§ **EXERCISE REQUIREMENTS**
Line by line, check the data for the string "HomeoPlus" and state how many lines have it, nothing more.

§ **EXERCISE MATERIALS**
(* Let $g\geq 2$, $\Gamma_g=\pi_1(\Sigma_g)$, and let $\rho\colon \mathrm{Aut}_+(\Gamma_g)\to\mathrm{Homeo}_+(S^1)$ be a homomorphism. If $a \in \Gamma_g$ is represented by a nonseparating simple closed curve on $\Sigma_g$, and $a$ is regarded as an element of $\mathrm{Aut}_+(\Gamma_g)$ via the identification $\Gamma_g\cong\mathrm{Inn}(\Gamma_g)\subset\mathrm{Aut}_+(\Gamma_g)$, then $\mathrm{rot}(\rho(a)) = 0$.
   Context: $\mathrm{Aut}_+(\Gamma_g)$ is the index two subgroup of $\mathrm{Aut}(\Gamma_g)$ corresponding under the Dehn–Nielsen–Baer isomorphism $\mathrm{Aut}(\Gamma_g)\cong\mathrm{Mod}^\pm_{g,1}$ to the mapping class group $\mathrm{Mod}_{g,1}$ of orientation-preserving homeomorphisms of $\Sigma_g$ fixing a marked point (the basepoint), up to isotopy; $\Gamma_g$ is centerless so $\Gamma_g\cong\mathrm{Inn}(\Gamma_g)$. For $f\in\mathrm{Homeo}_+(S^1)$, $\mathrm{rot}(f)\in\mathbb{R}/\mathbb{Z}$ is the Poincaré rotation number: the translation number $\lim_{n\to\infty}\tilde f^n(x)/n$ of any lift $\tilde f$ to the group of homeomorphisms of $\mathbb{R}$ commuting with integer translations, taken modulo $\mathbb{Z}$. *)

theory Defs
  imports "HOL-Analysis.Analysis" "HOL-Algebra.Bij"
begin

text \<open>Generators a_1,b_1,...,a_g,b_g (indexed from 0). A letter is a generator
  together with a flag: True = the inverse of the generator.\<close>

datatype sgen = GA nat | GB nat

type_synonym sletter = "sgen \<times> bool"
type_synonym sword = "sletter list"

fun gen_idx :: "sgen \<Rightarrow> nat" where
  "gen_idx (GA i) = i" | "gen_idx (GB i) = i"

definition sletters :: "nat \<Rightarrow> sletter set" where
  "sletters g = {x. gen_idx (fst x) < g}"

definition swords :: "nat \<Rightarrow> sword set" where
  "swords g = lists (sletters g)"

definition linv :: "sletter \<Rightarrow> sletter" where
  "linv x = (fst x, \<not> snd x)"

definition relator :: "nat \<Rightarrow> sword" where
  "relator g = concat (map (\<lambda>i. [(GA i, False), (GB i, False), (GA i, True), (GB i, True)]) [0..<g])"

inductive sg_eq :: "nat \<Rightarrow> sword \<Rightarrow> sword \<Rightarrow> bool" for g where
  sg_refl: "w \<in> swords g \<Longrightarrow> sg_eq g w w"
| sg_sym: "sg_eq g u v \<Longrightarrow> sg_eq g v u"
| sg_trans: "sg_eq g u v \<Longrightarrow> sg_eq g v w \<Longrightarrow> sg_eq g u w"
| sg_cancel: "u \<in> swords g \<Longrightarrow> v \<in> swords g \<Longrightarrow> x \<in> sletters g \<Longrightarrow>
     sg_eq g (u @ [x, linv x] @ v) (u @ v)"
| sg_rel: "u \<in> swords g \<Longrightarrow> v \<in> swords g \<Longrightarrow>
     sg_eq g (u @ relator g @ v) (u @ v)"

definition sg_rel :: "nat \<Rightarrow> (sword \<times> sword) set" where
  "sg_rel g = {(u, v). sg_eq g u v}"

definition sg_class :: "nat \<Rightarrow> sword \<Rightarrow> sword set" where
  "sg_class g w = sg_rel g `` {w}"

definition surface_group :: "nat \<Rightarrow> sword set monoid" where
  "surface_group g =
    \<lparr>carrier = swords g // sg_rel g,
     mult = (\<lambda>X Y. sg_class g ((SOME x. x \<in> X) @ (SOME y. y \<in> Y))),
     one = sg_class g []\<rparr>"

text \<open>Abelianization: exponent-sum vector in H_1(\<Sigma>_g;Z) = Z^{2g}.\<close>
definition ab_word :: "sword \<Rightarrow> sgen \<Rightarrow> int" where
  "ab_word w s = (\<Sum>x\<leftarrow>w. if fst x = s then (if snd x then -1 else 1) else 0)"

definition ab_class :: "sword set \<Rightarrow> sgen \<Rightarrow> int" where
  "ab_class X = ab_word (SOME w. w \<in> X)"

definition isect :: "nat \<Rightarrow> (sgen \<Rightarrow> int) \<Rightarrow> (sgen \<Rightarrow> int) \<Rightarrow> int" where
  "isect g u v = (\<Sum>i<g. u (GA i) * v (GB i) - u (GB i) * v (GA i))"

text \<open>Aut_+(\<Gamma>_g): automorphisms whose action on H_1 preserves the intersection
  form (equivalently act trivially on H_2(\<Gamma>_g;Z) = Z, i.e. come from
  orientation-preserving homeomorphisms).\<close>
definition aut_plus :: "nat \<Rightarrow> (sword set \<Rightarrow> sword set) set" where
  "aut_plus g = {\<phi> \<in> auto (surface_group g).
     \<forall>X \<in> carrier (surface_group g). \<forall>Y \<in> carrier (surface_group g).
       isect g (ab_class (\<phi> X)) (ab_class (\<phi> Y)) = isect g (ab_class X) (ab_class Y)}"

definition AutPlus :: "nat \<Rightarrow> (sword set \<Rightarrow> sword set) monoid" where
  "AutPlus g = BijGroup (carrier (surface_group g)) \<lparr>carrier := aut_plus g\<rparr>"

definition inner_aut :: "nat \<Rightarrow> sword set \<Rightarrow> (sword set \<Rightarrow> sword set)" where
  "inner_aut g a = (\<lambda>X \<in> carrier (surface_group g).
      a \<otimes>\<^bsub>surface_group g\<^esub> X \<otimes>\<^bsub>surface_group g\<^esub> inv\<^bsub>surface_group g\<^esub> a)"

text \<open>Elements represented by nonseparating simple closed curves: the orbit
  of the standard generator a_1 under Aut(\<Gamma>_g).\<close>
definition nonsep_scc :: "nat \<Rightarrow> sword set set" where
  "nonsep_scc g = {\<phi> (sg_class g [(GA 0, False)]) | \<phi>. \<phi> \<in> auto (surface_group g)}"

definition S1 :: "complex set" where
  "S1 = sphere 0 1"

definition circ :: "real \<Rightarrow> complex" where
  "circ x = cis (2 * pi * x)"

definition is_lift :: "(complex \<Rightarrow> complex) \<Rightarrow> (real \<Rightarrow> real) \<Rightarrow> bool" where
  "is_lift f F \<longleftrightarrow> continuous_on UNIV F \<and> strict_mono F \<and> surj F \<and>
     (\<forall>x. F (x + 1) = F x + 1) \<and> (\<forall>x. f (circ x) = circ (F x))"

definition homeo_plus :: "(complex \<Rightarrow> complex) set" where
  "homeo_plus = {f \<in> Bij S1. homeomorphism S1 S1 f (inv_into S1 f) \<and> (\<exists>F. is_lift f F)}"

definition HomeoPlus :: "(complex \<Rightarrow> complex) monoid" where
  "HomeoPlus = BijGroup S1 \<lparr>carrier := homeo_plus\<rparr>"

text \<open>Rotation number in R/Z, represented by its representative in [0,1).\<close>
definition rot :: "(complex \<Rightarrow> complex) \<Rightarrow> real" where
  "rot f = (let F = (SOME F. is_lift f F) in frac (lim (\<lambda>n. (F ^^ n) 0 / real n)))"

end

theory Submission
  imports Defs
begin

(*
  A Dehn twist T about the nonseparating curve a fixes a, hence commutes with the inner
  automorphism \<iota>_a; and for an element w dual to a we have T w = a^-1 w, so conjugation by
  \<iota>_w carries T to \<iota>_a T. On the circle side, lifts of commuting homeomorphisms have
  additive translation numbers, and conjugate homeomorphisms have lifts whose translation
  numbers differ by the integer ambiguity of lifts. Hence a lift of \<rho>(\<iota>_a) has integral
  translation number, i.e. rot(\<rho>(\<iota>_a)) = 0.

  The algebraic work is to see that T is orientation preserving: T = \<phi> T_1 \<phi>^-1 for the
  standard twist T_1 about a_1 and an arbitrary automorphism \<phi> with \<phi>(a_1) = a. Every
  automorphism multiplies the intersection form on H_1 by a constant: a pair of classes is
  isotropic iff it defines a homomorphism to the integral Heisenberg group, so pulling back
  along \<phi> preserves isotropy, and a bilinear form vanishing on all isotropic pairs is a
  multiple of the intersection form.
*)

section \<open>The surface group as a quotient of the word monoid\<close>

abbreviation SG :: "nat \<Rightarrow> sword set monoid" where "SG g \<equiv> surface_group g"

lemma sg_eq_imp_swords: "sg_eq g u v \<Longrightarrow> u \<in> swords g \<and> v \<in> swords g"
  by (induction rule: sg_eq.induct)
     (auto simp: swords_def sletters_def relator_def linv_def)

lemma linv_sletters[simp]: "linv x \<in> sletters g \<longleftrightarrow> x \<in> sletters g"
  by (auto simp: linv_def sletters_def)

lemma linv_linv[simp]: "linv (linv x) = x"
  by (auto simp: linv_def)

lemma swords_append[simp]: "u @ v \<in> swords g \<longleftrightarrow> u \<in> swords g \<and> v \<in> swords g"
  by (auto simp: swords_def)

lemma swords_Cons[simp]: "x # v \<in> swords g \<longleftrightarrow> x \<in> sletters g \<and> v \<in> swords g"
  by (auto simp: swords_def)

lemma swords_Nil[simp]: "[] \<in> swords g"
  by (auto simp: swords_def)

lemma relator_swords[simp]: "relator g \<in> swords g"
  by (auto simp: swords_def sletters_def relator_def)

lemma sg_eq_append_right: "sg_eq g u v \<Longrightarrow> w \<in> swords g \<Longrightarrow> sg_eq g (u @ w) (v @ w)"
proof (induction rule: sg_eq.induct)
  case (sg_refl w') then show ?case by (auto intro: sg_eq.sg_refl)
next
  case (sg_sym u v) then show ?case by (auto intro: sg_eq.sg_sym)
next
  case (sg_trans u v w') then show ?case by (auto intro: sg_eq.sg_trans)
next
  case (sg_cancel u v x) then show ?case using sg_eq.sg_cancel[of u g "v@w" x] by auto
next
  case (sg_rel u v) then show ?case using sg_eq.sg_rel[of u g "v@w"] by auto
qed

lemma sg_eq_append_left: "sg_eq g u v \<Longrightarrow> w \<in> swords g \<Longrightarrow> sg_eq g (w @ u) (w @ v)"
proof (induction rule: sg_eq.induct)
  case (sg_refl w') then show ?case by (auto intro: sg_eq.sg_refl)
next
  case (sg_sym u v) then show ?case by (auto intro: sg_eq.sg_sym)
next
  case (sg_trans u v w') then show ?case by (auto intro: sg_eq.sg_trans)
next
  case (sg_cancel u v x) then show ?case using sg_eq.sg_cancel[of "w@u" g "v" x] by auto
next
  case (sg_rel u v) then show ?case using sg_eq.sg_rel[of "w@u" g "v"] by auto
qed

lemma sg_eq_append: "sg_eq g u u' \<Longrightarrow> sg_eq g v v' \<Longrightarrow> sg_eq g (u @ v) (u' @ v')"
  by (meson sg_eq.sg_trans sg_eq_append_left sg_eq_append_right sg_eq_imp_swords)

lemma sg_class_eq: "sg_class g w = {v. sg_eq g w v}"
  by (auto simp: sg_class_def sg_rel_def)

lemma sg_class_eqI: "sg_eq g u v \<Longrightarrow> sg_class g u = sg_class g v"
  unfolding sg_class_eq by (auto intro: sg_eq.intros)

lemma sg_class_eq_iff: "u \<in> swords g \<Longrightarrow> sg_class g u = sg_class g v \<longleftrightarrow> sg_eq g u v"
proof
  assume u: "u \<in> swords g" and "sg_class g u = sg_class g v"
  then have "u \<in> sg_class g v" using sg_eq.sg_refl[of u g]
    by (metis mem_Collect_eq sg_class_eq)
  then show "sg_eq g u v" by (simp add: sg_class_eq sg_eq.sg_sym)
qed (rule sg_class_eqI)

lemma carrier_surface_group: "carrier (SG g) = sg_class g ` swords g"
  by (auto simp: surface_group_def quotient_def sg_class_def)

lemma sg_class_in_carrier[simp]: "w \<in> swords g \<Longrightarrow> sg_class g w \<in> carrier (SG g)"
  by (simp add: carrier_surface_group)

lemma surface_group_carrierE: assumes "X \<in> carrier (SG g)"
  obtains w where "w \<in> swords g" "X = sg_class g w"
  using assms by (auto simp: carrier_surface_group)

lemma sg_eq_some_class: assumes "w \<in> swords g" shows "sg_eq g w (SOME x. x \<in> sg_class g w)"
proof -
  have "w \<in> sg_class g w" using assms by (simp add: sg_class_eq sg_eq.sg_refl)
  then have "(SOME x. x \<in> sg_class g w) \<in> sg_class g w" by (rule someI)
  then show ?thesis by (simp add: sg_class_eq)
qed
--
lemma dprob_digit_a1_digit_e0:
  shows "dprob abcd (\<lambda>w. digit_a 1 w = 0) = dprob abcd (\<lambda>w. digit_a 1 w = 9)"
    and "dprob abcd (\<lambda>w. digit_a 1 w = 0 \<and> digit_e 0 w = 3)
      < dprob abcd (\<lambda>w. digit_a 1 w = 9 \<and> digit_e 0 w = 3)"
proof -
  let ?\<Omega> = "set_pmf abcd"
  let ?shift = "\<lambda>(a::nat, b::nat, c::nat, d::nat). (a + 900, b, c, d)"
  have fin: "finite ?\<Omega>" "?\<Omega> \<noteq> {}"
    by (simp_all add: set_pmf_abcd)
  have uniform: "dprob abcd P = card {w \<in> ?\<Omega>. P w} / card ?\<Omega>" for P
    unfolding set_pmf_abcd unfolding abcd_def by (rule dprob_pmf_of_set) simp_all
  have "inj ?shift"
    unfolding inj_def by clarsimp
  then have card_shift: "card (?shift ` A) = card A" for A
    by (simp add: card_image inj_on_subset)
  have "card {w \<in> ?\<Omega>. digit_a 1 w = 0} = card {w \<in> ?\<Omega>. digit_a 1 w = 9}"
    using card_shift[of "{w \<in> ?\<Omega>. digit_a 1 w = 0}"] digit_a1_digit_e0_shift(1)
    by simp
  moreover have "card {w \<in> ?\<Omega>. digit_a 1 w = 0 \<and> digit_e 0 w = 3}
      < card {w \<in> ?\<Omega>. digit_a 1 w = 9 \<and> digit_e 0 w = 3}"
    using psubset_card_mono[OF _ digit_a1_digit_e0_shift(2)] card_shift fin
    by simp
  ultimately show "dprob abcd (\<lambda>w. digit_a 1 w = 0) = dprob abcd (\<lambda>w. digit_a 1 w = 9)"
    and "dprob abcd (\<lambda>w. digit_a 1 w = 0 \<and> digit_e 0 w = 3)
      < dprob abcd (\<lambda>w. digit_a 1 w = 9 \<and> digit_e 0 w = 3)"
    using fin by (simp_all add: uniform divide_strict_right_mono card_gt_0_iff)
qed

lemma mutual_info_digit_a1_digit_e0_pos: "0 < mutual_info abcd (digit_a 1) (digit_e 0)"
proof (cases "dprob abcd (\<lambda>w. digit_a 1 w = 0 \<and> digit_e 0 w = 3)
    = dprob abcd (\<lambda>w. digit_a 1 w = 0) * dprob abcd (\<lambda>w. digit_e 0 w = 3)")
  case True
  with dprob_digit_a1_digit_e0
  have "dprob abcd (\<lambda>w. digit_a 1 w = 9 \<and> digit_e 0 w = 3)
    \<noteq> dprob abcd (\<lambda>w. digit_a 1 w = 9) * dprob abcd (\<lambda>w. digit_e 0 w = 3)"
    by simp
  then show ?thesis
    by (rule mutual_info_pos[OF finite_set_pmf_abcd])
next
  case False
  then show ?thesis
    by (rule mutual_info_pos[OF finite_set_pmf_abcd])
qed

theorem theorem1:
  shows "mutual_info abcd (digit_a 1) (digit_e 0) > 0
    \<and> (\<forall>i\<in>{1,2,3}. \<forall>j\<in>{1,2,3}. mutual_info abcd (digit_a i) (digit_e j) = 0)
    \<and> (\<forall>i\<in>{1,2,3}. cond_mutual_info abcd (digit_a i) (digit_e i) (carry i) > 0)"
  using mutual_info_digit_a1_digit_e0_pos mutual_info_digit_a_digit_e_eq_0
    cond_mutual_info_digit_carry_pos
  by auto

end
--
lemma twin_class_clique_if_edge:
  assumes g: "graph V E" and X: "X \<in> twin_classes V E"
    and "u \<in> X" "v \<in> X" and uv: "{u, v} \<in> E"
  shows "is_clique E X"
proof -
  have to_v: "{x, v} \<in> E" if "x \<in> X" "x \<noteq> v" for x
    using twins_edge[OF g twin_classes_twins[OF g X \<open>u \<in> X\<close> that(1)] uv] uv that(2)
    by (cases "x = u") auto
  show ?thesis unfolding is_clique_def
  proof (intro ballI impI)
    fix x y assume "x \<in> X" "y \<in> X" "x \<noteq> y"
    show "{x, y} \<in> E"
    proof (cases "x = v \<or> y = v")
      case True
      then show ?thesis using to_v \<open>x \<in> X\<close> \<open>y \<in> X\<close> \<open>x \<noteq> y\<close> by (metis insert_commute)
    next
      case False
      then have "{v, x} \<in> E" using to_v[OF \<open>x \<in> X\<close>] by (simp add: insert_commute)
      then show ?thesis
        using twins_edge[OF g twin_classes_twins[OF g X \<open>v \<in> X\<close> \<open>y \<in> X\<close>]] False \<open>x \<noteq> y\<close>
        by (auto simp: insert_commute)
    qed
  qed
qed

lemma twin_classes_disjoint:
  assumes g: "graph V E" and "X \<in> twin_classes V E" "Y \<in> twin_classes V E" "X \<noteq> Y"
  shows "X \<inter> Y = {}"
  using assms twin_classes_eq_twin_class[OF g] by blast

§ **ANSWER SPACE**
2